====== Material provided
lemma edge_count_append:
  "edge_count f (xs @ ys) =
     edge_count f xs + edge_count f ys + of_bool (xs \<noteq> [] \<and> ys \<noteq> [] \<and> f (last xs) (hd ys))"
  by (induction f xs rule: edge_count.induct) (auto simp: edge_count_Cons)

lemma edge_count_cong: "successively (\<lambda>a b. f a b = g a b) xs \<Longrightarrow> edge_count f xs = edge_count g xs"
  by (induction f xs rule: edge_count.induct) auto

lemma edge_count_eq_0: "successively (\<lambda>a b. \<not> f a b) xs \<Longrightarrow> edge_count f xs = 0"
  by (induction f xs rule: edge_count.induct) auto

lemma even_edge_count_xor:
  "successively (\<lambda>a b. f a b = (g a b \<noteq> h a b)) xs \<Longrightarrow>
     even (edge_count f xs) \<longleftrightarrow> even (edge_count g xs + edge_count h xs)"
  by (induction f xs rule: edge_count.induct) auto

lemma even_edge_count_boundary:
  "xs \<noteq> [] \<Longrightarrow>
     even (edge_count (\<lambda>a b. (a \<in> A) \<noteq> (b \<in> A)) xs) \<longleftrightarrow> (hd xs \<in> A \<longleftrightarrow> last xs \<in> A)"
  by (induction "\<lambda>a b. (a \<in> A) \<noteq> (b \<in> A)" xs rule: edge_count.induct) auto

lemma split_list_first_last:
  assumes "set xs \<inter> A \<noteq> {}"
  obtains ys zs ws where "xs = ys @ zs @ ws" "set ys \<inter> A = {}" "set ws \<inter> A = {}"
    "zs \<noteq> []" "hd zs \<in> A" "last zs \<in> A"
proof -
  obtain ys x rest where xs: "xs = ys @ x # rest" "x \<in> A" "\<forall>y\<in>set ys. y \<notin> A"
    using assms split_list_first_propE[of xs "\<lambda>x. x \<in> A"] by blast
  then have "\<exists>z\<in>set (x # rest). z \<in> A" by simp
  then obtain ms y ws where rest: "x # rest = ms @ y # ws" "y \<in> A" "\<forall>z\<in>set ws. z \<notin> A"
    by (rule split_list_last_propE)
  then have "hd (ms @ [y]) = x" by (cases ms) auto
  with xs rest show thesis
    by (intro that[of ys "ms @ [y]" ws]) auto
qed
============
Aim of the exercise:
Find the lines in the entries above where "forall" occurs, and copy each of them.

Response area:
  obtain ys x rest where xs: "xs = ys @ x # rest" "x \<in> A" "\<forall>y\<in>set ys. y \<notin> A"
  then obtain ms y ws where rest: "x # rest = ms @ y # ws" "y \<in> A" "\<forall>z\<in>set ws. z \<notin> A"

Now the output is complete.